On Sat, 11 Jan 2014 23:09:03 -0000, "NY" wrote:

"Graeme Wall" wrote in message
...
On 11/01/2014 22:16, Robert wrote:
Heathrow wasn't in London when first built! My father worked there in
the early 50s and we lived in Bedfont. Going to London was a major
expedition involving buses to either Feltham or Hounslow West stations
and then the train.


Where was the boundary between London and other places defined to be in
those days? Was it a 1974 change when the county of Greater London was
created? When the neighbouring counties had boundaries that met close to
central London, where was the boundary of "London" deemed to be, and did
it gradually change as greenfield sites got filled in?

Greater London was formed in 1965. Prior to that there was, the
almost sane, smaller, London County Council. Prior to 1889 Middlesex
was the county at the heart of England, although only its South
Eastern part was urbanized. IIRC until 1889 the City of London was
outwith any County.


The area of the County of London was defined long before 1889. The
Metropolitan Board of Works covered the same area and was formed in 1854
(IIRC).

The Metropolitan Police District (1829) and London Transport Area (1933)
were much earlier definitions of Greater London too. See
http://en.wikipedia.org/wiki/Metropo...olice_District and
http://en.wikipedia.org/wiki/London_...ransport_Board.

London's government has sadly been subject to endless meddling by central
government, partly because it is also located in London.

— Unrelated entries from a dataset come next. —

text \<open>On a finite nonempty set there is an admissible sequence with bounded
  partial sums: the trivial partition up to level card V, singletons after.
  It guarantees that the infimum defining gamma2 is finite.\<close>

lemma bounded_admissible_exists:
  assumes fin: "finite V" and ne: "V \<noteq> {}"
  shows "\<exists>A B. admissible V A \<and> (\<forall>x\<in>V. \<forall>n. talagrand_sum V c A x n \<le> B)"
proof -
  define k0 where "k0 = Suc (card V)"
  define S where "S = (\<lambda>x. {x}) ` V"
  define A where "A = (\<lambda>k::nat. if k < k0 then {V} else S)"
  have part_V: "is_partition V {V}" using ne unfolding is_partition_def by auto
  have part_S: "is_partition V S" unfolding is_partition_def S_def by auto
  have card_S: "card S \<le> 2 ^ (2 ^ k)" if "k0 \<le> k" for k
  proof -
    have "card S \<le> card V" unfolding S_def by (rule card_image_le[OF fin])
    also have "\<dots> < k" using that k0_def by simp
    also have "k < 2 ^ k" by (rule less_exp)
    also have "2 ^ k < (2::nat) ^ (2 ^ k)" by (rule less_exp)
    finally show ?thesis by simp
  qed
  have adm: "admissible V A"
    unfolding admissible_def
  proof (intro allI conjI)
    fix k
    show "is_partition V (A k)" using part_V part_S unfolding A_def by auto
    show "card (A k) \<le> M_card k"
      using card_S[of k] unfolding A_def M_card_def k0_def by auto
    show "refines (A (Suc k)) (A k)"
      unfolding refines_def A_def S_def by auto
  qed
  define f where "f = (\<lambda>k. if k < k0 then 2 powr (real k / 2) * diam_R V c V else 0)"
  have f_nonneg: "0 \<le> f k" for k
    unfolding f_def using diam_nonneg[OF fin] by auto
  have "talagrand_sum V c A x n \<le> sum f {..<k0}" if x: "x \<in> V" for x n
  proof -
    have "block (A k) x = (if k < k0 then V else {x})" for k
      using block_eq[OF part_V _ x] block_eq[OF part_S, of "{x}" x] x
      unfolding A_def S_def by auto
    then have "talagrand_sum V c A x n = sum f {..<n}"
      by (intro sum.cong) (auto simp: f_def diam_singleton)
    also have "\<dots> = sum f ({..<n} \<inter> {..<k0})"
      by (rule sum.mono_neutral_right) (auto simp: f_def)
    also have "\<dots> \<le> sum f {..<k0}"
      by (rule sum_mono2) (auto simp: f_nonneg)
    finally show ?thesis .
  qed
  then show ?thesis using adm by blast
qed

lemma gamma2_lower_bound:
  assumes fin: "finite V" and ne: "V \<noteq> {}"
    and beaten: "\<forall>A. admissible V A \<longrightarrow> (\<exists>x\<in>V. \<exists>n. L \<le> talagrand_sum V c A x n)"
  shows "L \<le> gamma2 V c"
proof -
  define F where "F = (\<lambda>A. SUP x\<in>V. SUP n. ereal (talagrand_sum V c A x n))"
  define I where "I = (INF A\<in>{A. admissible V A}. F A)"
  have lower: "ereal L \<le> I"
    unfolding I_def
  proof (rule INF_greatest)
    fix A assume "A \<in> {A. admissible V A}"
    then obtain x n where "x \<in> V" "L \<le> talagrand_sum V c A x n"
      using beaten by auto
    then have "ereal L \<le> (SUP n. ereal (talagrand_sum V c A x n))"
      by (intro SUP_upper2[of n]) auto
    also have "\<dots> \<le> F A" unfolding F_def using \<open>x \<in> V\<close> by (rule SUP_upper)
    finally show "ereal L \<le> F A" .
  qed
  obtain A0 B where A0: "admissible V A0" "\<forall>x\<in>V. \<forall>n. talagrand_sum V c A0 x n \<le> B"
    using bounded_admissible_exists[OF fin ne] by blast
  have "F A0 \<le> ereal B"
    unfolding F_def using A0(2) by (intro SUP_least) auto
  then have upper: "I \<le> ereal B"
    unfolding I_def using A0(1) by (intro INF_lower2[of A0]) auto
  obtain r where r: "I = ereal r"
    using lower upper by (cases I) auto
  have "gamma2 V c = r"
    unfolding gamma2_def using r unfolding I_def F_def by simp
  then show ?thesis using lower r by simp
qed

lemma separated_set_gamma2:
  assumes fin: "finite V" and S: "S \<subseteq> V" "M_card k < card S" and r: "0 \<le> r"
    and sep: "\<forall>x\<in>S. \<forall>y\<in>S. x \<noteq> y \<longrightarrow> r \<le> R_eff V c x y"
  shows "2 ^ k * r \<le> (gamma2 V c)^2"
proof -
  have "V \<noteq> {}" using S by auto
  have "sqrt (2 ^ k * r) \<le> gamma2 V c"
  proof (rule gamma2_lower_bound[OF fin \<open>V \<noteq> {}\<close>], intro allI impI)
    fix A assume adm: "admissible V A"
    obtain x y where xy: "x \<in> S" "y \<in> S" "x \<noteq> y" "y \<in> block (A k) x"
      using pigeonhole_block[OF adm fin S] by blast
    have "sqrt (2 ^ k * r) = 2 powr (real k / 2) * sqrt r"
      using powr_half_sqrt_powr[of 2 "real k"] by (simp add: powr_realpow real_sqrt_mult)
    also have "\<dots> \<le> 2 powr (real k / 2) * sqrt (R_eff V c x y)"
      using sep xy by (intro mult_left_mono) auto
    also have "\<dots> \<le> talagrand_sum V c A x (Suc k)"
      using talagrand_sum_ge[OF adm fin _ xy(4)] xy(1) S(1) by blast
    finally show "\<exists>x\<in>V. \<exists>n. sqrt (2 ^ k * r) \<le> talagrand_sum V c A x n"
      using xy(1) S(1) by blast
  qed
  then have "(sqrt (2 ^ k * r))^2 \<le> (gamma2 V c)^2"
    using r by (intro power_mono) auto
  then show ?thesis using r by simp
qed


section \<open>Effective resistance in a network\<close>

lemma energy_nonneg:
  assumes "network V c"
  shows "0 \<le> energy V c f"
  using assms unfolding energy_def network_def by (auto intro!: sum_nonneg)

lemma edge_energy_bound:
  assumes net: "network V c" and ab: "a \<in> V" "b \<in> V"
  shows "c a b * (f a - f b)^2 \<le> 2 * energy V c f"
proof -
  have fin: "finite V" and nonneg: "\<And>x y. 0 \<le> c x y"
    using net unfolding network_def by auto
  have "c a b * (f a - f b)^2 \<le> (\<Sum>y\<in>V. c a y * (f a - f y)^2)"
    by (rule member_le_sum[where f = "\<lambda>y. c a y * (f a - f y)^2"]) (use ab fin nonneg in auto)
  also have "\<dots> \<le> (\<Sum>x\<in>V. \<Sum>y\<in>V. c x y * (f x - f y)^2)"
    by (rule member_le_sum[where f = "\<lambda>x. \<Sum>y\<in>V. c x y * (f x - f y)^2"])
      (use ab fin nonneg in \<open>auto intro!: sum_nonneg\<close>)
  finally show ?thesis unfolding energy_def by simp
qed

lemma path_energy_bound:
  assumes net: "network V c" and delta: "0 < \<delta>"
    and path: "((\<lambda>a b. a \<in> V \<and> b \<in> V \<and> \<delta> \<le> c a b) ^^ n) x y"
  shows "\<bar>f x - f y\<bar> \<le> n * sqrt (2 * energy V c f / \<delta>)"
  using path
proof (induction n arbitrary: y)
  case 0
  then show ?case by simp
next
  case (Suc n)
  then obtain z where z: "((\<lambda>a b. a \<in> V \<and> b \<in> V \<and> \<delta> \<le> c a b) ^^ n) x z"
    and edge: "z \<in> V" "y \<in> V" "\<delta> \<le> c z y" by auto
  have "\<delta> * (f z - f y)^2 \<le> c z y * (f z - f y)^2"
    using edge(3) by (intro mult_right_mono) auto
  also have "\<dots> \<le> 2 * energy V c f" by (rule edge_energy_bound[OF net edge(1,2)])
  finally have "\<bar>f z - f y\<bar>^2 \<le> 2 * energy V c f / \<delta>"
    using delta by (simp add: field_simps)
  then have "\<bar>f z - f y\<bar> \<le> sqrt (2 * energy V c f / \<delta>)" by (rule real_le_rsqrt)
  with Suc.IH[OF z] have "\<bar>f x - f z\<bar> + \<bar>f z - f y\<bar> \<le> Suc n * sqrt (2 * energy V c f / \<delta>)"
    by (simp add: algebra_simps)
  then show ?case by linarith
qed

text \<open>Connectivity keeps the energy of functions separating two vertices
  uniformly away from zero.\<close>

lemma energy_pos:
  assumes net: "network V c" and xy: "x \<in> V" "y \<in> V" "x \<noteq> y"
  shows "\<exists>\<epsilon>>0. \<forall>f. f x = 1 \<and> f y = 0 \<longrightarrow> \<epsilon> \<le> energy V c f"
proof -
  define E where "E = {(a, b). a \<in> V \<and> b \<in> V \<and> 0 < c a b}"
  define \<delta> where "\<delta> = Min (insert 1 ((\<lambda>(a, b). c a b) ` E))"
  have "finite E"
    using net unfolding network_def E_def by (auto intro: finite_subset[of _ "V \<times> V"])
  then have delta: "0 < \<delta>"
    and delta_le: "\<And>a b. a \<in> V \<Longrightarrow> b \<in> V \<Longrightarrow> 0 < c a b \<Longrightarrow> \<delta> \<le> c a b"
    unfolding \<delta>_def by (auto simp: E_def intro!: Min_le)
  have "(\<lambda>a b. a \<in> V \<and> b \<in> V \<and> 0 < c a b)\<^sup>*\<^sup>* x y"
    using net xy unfolding network_def by blast
  then have "(\<lambda>a b. a \<in> V \<and> b \<in> V \<and> \<delta> \<le> c a b)\<^sup>*\<^sup>* x y"
    by (rule rtranclp_mono[THEN predicate2D, rotated]) (auto intro: delta_le)
  then obtain n where path: "((\<lambda>a b. a \<in> V \<and> b \<in> V \<and> \<delta> \<le> c a b) ^^ n) x y"
    using rtranclp_imp_relpowp by metis
  have "n \<noteq> 0" using path xy(3) by (cases n) auto
  have "\<delta> / (2 * (real n)^2) \<le> energy V c f" if f: "f x = 1" "f y = 0" for f
  proof -
    have "1 \<le> n * sqrt (2 * energy V c f / \<delta>)"
      using path_energy_bound[OF net delta path, of f] f by simp
    then have "1 \<le> (n * sqrt (2 * energy V c f / \<delta>))^2"
      by (rule one_le_power)
    also have "\<dots> = (real n)^2 * (2 * energy V c f / \<delta>)"
      using energy_nonneg[OF net, of f] delta by (simp add: power_mult_distrib)
    finally have "\<delta> \<le> (real n)^2 * (2 * energy V c f)"
      using delta by (simp add: field_simps)
    then show ?thesis using delta \<open>n \<noteq> 0\<close> by (simp add: field_simps)
  qed
  then show ?thesis using delta \<open>n \<noteq> 0\<close> by (intro exI[of _ "\<delta> / (2 * (real n)^2)"]) simp
qed

text \<open>The indicator function of v has energy c_v (loops carry no conductance).\<close>

lemma energy_indicator:
  assumes net: "network V c" and v: "v \<in> V"
  shows "energy V c (\<lambda>z. if z = v then 1 else 0) = cond_at V c v"
proof -
  have fin: "finite V" and sym: "\<And>x y. c x y = c y x" and loopless: "\<And>x. c x x = 0"
    using net unfolding network_def by auto
  have summand: "c x y * ((if x = v then 1 else 0) - (if y = v then 1 else 0))^2
      = (if x = v then c v y else 0) + (if y = v then c x v else 0)" for x y
    using loopless by (cases "x = v"; cases "y = v") auto
  have "(\<Sum>x\<in>V. \<Sum>y\<in>V. c x y * ((if x = v then 1 else 0) - (if y = v then 1 else (0::real)))^2)
      = cond_at V c v + (\<Sum>x\<in>V. c x v)"
    unfolding summand sum.distrib using v fin by (simp add: cond_at_def if_distrib sum.If_cases)
  also have "\<dots> = 2 * cond_at V c v"
    using sym by (simp add: cond_at_def)
  finally show ?thesis unfolding energy_def by simp
qed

AFIK these 1889 and 1965 are the only times the County of London was
extended. Although Greater London disappeared for a while. It is now
back as a "region" with a peculiar governance structure.


It was never a county as such. London has never had the same local
government arrangements as the rest of England.

The borders of the Cities and boroughs within the County were also
consolidated into their present monstrous size in 1965. Prior to that
were the human scaled boroughs such as Paddington and St Marylebone.
In those days democracy was closer to the electorate.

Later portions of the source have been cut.